DOI QR코드

DOI QR Code

Optimal vibration energy harvesting from nonprismatic piezolaminated beam

  • Biswal, Alok R (Department of Mechanical Engineering, National Institute of Technology Rourkela) ;
  • Roy, Tarapada (Department of Mechanical Engineering, National Institute of Technology Rourkela) ;
  • Behera, Rabindra K (Department of Mechanical Engineering, National Institute of Technology Rourkela)
  • 투고 : 2016.06.19
  • 심사 : 2016.12.11
  • 발행 : 2017.04.25

초록

The present article encompasses a nonlinear finite element (FE) and genetic algorithm (GA) based optimal vibration energy harvesting from nonprismatic piezo-laminated cantilever beams. Three cases of cross section profiles (such as linear, parabolic and cubic) are modelled to analyse the geometric nonlinear effects on the output responses such as displacement, voltage, and power.
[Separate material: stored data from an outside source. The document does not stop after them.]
lemma sysM_Int_iff:
  "\<alpha> \<in> sysM_Int G P pY pN d n \<longleftrightarrow>
     (\<exists>p g i j. head_move n p g i j \<and> \<alpha> = {(p, g, i, 1), (p, g, j, 2)})"
proof
  assume "\<alpha> \<in> sysM_Int G P pY pN d n"
  then obtain p g i T where "\<alpha> = {(p, g, i, 1), (p, g, nat (int i + T), 2)}"
    and "p \<in> P - {pY, pN}" "g \<in> G" "T = snd (snd (d p g))"
    and "i \<le> n + 1" "0 \<le> int i + T" "int i + T \<le> int n + 1"
    unfolding sysM_Int_def by blast
  then have "head_move n p g i (nat (int i + T)) \<and> \<alpha> = {(p, g, i, 1), (p, g, nat (int i + T), 2)}"
    unfolding head_move_def by auto
  then show "\<exists>p g i j. head_move n p g i j \<and> \<alpha> = {(p, g, i, 1), (p, g, j, 2)}" by blast
next
  assume "\<exists>p g i j. head_move n p g i j \<and> \<alpha> = {(p, g, i, 1), (p, g, j, 2)}"
  then obtain p g i j where "head_move n p g i j" and "\<alpha> = {(p, g, i, 1), (p, g, j, 2)}" by blast
  then show "\<alpha> \<in> sysM_Int G P pY pN d n"
    unfolding sysM_Int_def head_move_def
    by (intro CollectI exI[of _ p] exI[of _ g] exI[of _ i] exI[of _ "snd (snd (d p g))"]) auto
qed

lemma global_step_head_move_iff:
  assumes "head_move n p g i j"
  shows "(q, q') \<in> global_step {0..n + 1} (sysM_ports G P pY pN d n) (sysM_Int G P pY pN d n) Q Tr
             {(p, g, i, 1), (p, g, j, 2)} \<longleftrightarrow>
     q \<in> PiE {0..n + 1} Q \<and> q' \<in> PiE {0..n + 1} Q \<and> (q i, (p, g, i, 1), q' i) \<in> Tr i \<and>
     (q j, (p, g, j, 2), q' j) \<in> Tr j \<and> (\<forall>k \<in> {0..n + 1}. k \<noteq> i \<longrightarrow> k \<noteq> j \<longrightarrow> q k = q' k)"
proof -
  note ports = head_move_ports[OF assms]
  have "{(p, g, i, 1), (p, g, j, 2)} \<inter> sysM_ports G P pY pN d n k =
      (if k = i then {(p, g, i, 1)} else if k = j then {(p, g, j, 2)} else {})" for k
    using ports sysM_ports_index[of _ G P pY pN d n k] by (auto; fastforce)
  moreover have "{(p, g, i, 1), (p, g, j, 2)} \<in> sysM_Int G P pY pN d n"
    using assms sysM_Int_iff by blast
  moreover have "i \<in> {0..n + 1}" "j \<in> {0..n + 1}"
    using assms unfolding head_move_def by auto
  ultimately show ?thesis
    using ports(1) unfolding global_step_def by (auto split: if_splits)
qed

end

locale lba_run = dtm G S b P p0 pY pN d
  for G S :: "'g set" and b :: 'g and P :: "'p set" and p0 pY pN :: 'p
    and d :: "'p \<Rightarrow> 'g \<Rightarrow> 'p \<times> 'g \<times> int" +
  fixes x :: "'g list"
  assumes linear_bounded: "linear_bounded S b p0 pY pN d"
    and input: "x \<in> lists S"
    and input_nonempty: "length x \<ge> 1"
begin

abbreviation tm_reachable :: "('p, 'g) config \<Rightarrow> bool" where
  "tm_reachable c \<equiv> (tm_init b p0 x, c) \<in> (tm_step pY pN d)\<^sup>*"

abbreviation sysM_step :: "((nat \<Rightarrow> ('p, 'g) lstate) \<times> (nat \<Rightarrow> ('p, 'g) lstate)) set" where
  "sysM_step \<equiv> \<Union>\<alpha> \<in> sysM_Int G P pY pN d (length x).
     global_step {0..length x + 1} (sysM_ports G P pY pN d (length x))
       (sysM_Int G P pY pN d (length x)) (sysM_Q G P) (sysM_trans G P pY pN d (length x)) \<alpha>"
The simultaneous effects of taper ratios (such as breadth and height taper) on the output power are also studied. The FE based nonlinear dynamic equation of motion has been solved by an implicit integration method (i.e., Newmark method in conjunction with the Newton-Raphson method). Besides this, a real coded GA based constrained optimization scheme has also been proposed to determine the best set of design variables for optimal harvesting of power within the safe limits of beam stress and PZT breakdown voltage.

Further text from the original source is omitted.